La fibre textile qu’on trouve dans tous les jardins.
Toutes les variétés d’orties ne donnent pas de fibres assez solides pour être filées et tissées. Néanmoins, les variétés qui le permettent sont historiquement présentes et utilisées depuis des siècles en occident et en Asie. Pour les variétés asiatiques, on parle plutôt de “ramie” bien que ces plantes soient bien de la même famille. En Asie de l’est, elle constitue même le tissu de base pour la confection des Hanboks, l’habit traditionnel coréen. Le tissage coréen de la ramie est d’ailleurs inscrit comme patrimoine culturel immatériel par l’Unesco.
L’ortie : une cousine du lin et du chanvre
Comme pour le lin et le chanvre, les fibres d’ortie sont longues, solides et extraites des tiges. Leur texture est aussi similaire à celle du lin et du chanvre, bien qu’elles puissent être tissées de plusieurs manières et ainsi obtenir l’aspect d’autres matières, comme celle du denim par exemple. D’ailleurs, comme le lin, le tissu d’ortie est respirant et absorbant. Il est donc adapté à toutes les saisons.
Une matière naturelle, durable, solide mais toujours rare
Si elle reste présente bien que peu fréquente, en Asie, la fabrication de textiles à base d’ortie a quasiment disparu en occident. On redécouvre donc petit à petit cette fibre mais la filière, autrefois florissante, reste à reconstruire. La preuve : les industriels ne savent plus vraiment l’utiliser et il faut, parfois, repasser par des projets de recherche et développement pour ré-apprendre à s’en servir : “En 2016, nous avons réalisé un essai pour évaluer la faisabilité d’un jeans conçu à 100 % en fibres d’ortie. Fabriquer localement des vêtements en ortie, c’est faisable mais avec pas mal de difficultés !” confesse Christian Didier, responsable du site Emanuel Lang, entreprise historique de tissage basée en Alsace.
Parmi les problèmes qui freinent le développement du textile à base d’ortie en Europe, il y a bien évidemment le fait que la plante n’est plus vraiment cultivée. Les quantités sont négligeables et les orties disponibles ne sont pas de qualité suffisante pour la production de textile.
Tous ces facteurs ne permettent pas à une filière totalement européenne d’émerger. “Au départ, nous voulions utiliser l’ortie européenne et nous avions pris contact avec des allemands qui la cultivent, mais l’ortie proposée à l’époque n’était pas travaillable. Finalement, on a donc dû se tourner vers des orties du Népal.” explique Christian Didier avant de résumer : “La filière européenne n’est pas mûre pour fournir des fibres suffisamment longues pour tisser”.
Heureusement, côté industriel, tout n’est pas perdu
On sait encore faire quelques petites choses.
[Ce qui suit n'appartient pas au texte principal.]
lemma sum_list_weight_transition_rate:
  assumes "3 \<le> m"
  shows "(\<Sum>u\<in>bounded_lists N m. list_weight N u * transition_rate u M')
    = real m * (real m - 1) * (real N - real m + 2) / 2 * config_weight N (m - 2) M'"
proof -
  define k where "k = m - 3"
  have m: "m = Suc (Suc (Suc k))" "m - 2 = Suc k"
    using assms by (auto simp: k_def)
  have "(\<Sum>u\<in>bounded_lists N m. list_weight N u * transition_rate u M')
      = real (card (index_triples m))
        * (\<Sum>w\<in>bounded_lists N (Suc k). arrangement_weight N M' w * (3 * (real (w ! k) - 1)))"
    unfolding sum_list_weight_transition_rate_last_triple using sum_list_weight_jump_rate_last m by simp
  also have "\<dots> = real m * (real m - 1) / 6
      * (real (Suc k) * (\<Sum>w\<in>bounded_lists N (Suc k). arrangement_weight N M' w * (3 * (real (w ! k) - 1))))"
    unfolding card_index_triples using m by simp
  also have "\<dots> = real m * (real m - 1) * (real N - real m + 2) / 2 * config_weight N (m - 2) M'"
    unfolding sum_config_weight_last using m by (simp add: field_simps)
  finally show ?thesis .
qed

lemma pmf_ternary_step_mset:
  assumes "3 \<le> length u"
  shows "pmf (ternary_step (mset u)) M' = transition_rate u M' / total_rate u"
proof -
  define xs where "xs = sorted_list_of_multiset (mset u)"
  have xs: "mset xs = mset u"
    by (simp add: xs_def)
  then have "length xs = length u" "sum_list xs = sum_list u"
    by (metis size_mset, metis sum_mset_sum_list)
  then have "total_rate xs = total_rate u"
    by (simp add: total_rate_eq)
  moreover have "transition_rate xs M' = transition_rate u M'"
    by (rule transition_rate_mset_eq[OF xs])
  ultimately show ?thesis
    using pmf_ternary_step[of "mset u" M'] assms unfolding xs_def by simp
qed

lemma expectation_config_weight:
  fixes f :: "nat multiset \<Rightarrow> real"
  assumes p: "\<And>K. pmf p K = c * config_weight N m K"
  shows "measure_pmf.expectation p f = c * (\<Sum>u\<in>bounded_lists N m. list_weight N u * f (mset u))"
proof -
  define A where "A = mset ` bounded_lists N m"
  have "finite A"
    by (simp add: A_def)
  have "measure_pmf.expectation p f = (\<Sum>K\<in>A. pmf p K *\<^sub>R f K)"
  proof (rule integral_measure_pmf[OF \<open>finite A\<close>])
    fix K assume "K \<in> set_pmf p"
    then have "config_weight N m K \<noteq> 0"
      using p by (simp add: set_pmf_eq)
    then obtain u where "u \<in> bounded_lists N m" "arrangement_weight N K u \<noteq> 0"
      unfolding config_weight_def by (rule sum.not_neutral_contains_not_neutral)
    then show "K \<in> A"
      unfolding A_def by (auto simp: arrangement_weight_def split: if_splits)
  qed
  also have "\<dots> = (\<Sum>K\<in>A. \<Sum>u\<in>bounded_lists N m. if mset u = K then c * (list_weight N u * f K) else 0)"
    unfolding p config_weight_def arrangement_weight_def sum_distrib_left
    by (auto simp: sum_distrib_right intro!: sum.cong)
  also have "\<dots> = (\<Sum>u\<in>bounded_lists N m. \<Sum>K\<in>A. if mset u = K then c * (list_weight N u * f K) else 0)"
    by (rule sum.swap)
  also have "\<dots> = c * (\<Sum>u\<in>bounded_lists N m. list_weight N u * f (mset u))"
    unfolding sum_distrib_left
    by (intro sum.cong refl) (simp add: A_def sum.delta)
  finally show ?thesis .
qed

lemma replicate_one_if_sum_list_eq_length:
  fixes u :: "nat list"
  assumes "\<forall>x\<in>set u. 0 < x" and "sum_list u = length u"
  shows "u = replicate (length u) 1"
  using assms
proof (induction u)
  case (Cons x u)
  have "length u \<le> sum_list u"
    using Cons.prems(1) by (induction u) auto
  then show ?case
    using Cons by auto
qed simp

lemma config_weight_initial: "config_weight N N M = (if M = replicate_mset N 1 then 1 else 0)"
proof -
  have "arrangement_weight N M u = (if u = replicate N 1 then (if mset u = M then 1 else 0) else 0)"
    if "u \<in> bounded_lists N N" for u
  proof (cases "list_weight N u = 0")
    case False
    then have "sum_list u = N" "\<forall>x\<in>set u. 0 < x"
      using list_weight_nonzero[of N u] by (auto intro: odd_pos)
    then have "u = replicate N 1"
      using that replicate_one_if_sum_list_eq_length[of u] by (simp add: bounded_lists_def)
    then show ?thesis
      by (simp add: arrangement_weight_def list_weight_def sum_list_replicate)
  qed (auto simp: arrangement_weight_def list_weight_def sum_list_replicate)
  moreover have "replicate N 1 \<in> bounded_lists N N"
    by (auto simp: bounded_lists_def)
  ultimately show ?thesis
    unfolding config_weight_def by (simp add: sum.delta' del: One_nat_def)
qed

definition skeleton_norm :: "nat \<Rightarrow> nat \<Rightarrow> real" where
  "skeleton_norm N l = real N / (real (N - 2 * l) * real (N choose l))"

lemma skeleton_norm_Suc:
  assumes "2 * l + 3 \<le> N"
  defines "m \<equiv> N - 2 * l"
  shows "skeleton_norm N l * (real m * (real m - 1) * (real N - real m + 2) / 2)
      / ((real m - 1) * (real m - 2) * (real m + real N) / 2)
    = skeleton_norm N (Suc l)"
proof -
  have m: "real m = real N - 2 * real l" "real (N - 2 * Suc l) = real m - 2"
    using assms by (simp_all add: of_nat_diff)
  have "Suc l * (N choose Suc l) = (N - l) * (N choose l)"
    using Suc_times_binomial[of l "N - 1"] binomial_absorb_comp[of N l] assms by simp
  then have "real (Suc l) * real (N choose Suc l) = real (N - l) * real (N choose l)"
    by (metis of_nat_mult)
  then have "real (N choose Suc l) = (real N - real l) * real (N choose l) / (real l + 1)"
    using assms by (simp add: of_nat_diff eq_divide_eq algebra_simps)
  moreover have "real (N choose l) \<noteq> 0" "real m - 1 \<noteq> 0" "real m - 2 \<noteq> 0" "real m \<noteq> 0"
      "real m + real N \<noteq> 0" "real N - real l \<noteq> 0" "real l + 1 \<noteq> 0"
    using assms m by (auto simp: zero_less_binomial_iff)
  ultimately show ?thesis
    unfolding skeleton_norm_def m(2) m_def[symmetric] using m(1)
    by (simp add: divide_simps) algebra
qed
En testant la création d’un denim 100 % ortie, Christian Didier a pu constater les savoir-faires toujours présents, et ceux qui restent à reconstruire sur le vieux continent : « L’ortie vient du Népal où elle a reçu un premier traitement à la main puisque les outils pour effectuer un premier défibrage sur l’ortie n’existent plus, encore moins en France. La suite a pu se dérouler entièrement en Europe. La matière a été défibrée en Belgique, travaillée dans le nord, filée en suisse puis tissée chez nous en Alsace. » détaille Christian Didier.
Au cours des dernières années, le lin et le chanvre ont connu un regain d’intérêt considérable en Europe et les filières industrielles se restructurent petit à petit. Il n’est donc pas totalement fou d’espérer voir la culture de l’ortie et les savoir-faire textiles renaître. Affaire à suivre !
Alors, peut-on quand même trouver des pièces en ortie ?
En attendant qu’une filière totalement locale se reconstruise, il est déjà possible de trouver des vêtements en ramie asiatique.
Des chemises et des basiques en ortie chez Hast
Faut-il encore présenter Hast, marque de basiques masculins en matières naturelles fabriqués en Europe ? Hast propose plusieurs modèles de chemises composées d’un mélange de coton, de lin et de ramie.
Un vestiaire féminin complet tout en ramie chez Tressé
La marque parisienne de mode et déco Tressé propose une gamme très large de pièces féminines 100 % ramie. Robes, shorts, chemisiers, tops, ensembles et même accessoires pour cheveux, il y a de tout !
Des chemises légères en ramie chez Numéro 6
Numéro 6 est une marque française qui ne produit qu’à partir de matières naturelles et artificielles respectueuses de l’environnement. C’est d’ailleurs pourquoi la maison fait une croix sur le coton, même bio, trop gourmand en l’eau. On trouve donc chez eux quelques (trop rares) pièces en ramie.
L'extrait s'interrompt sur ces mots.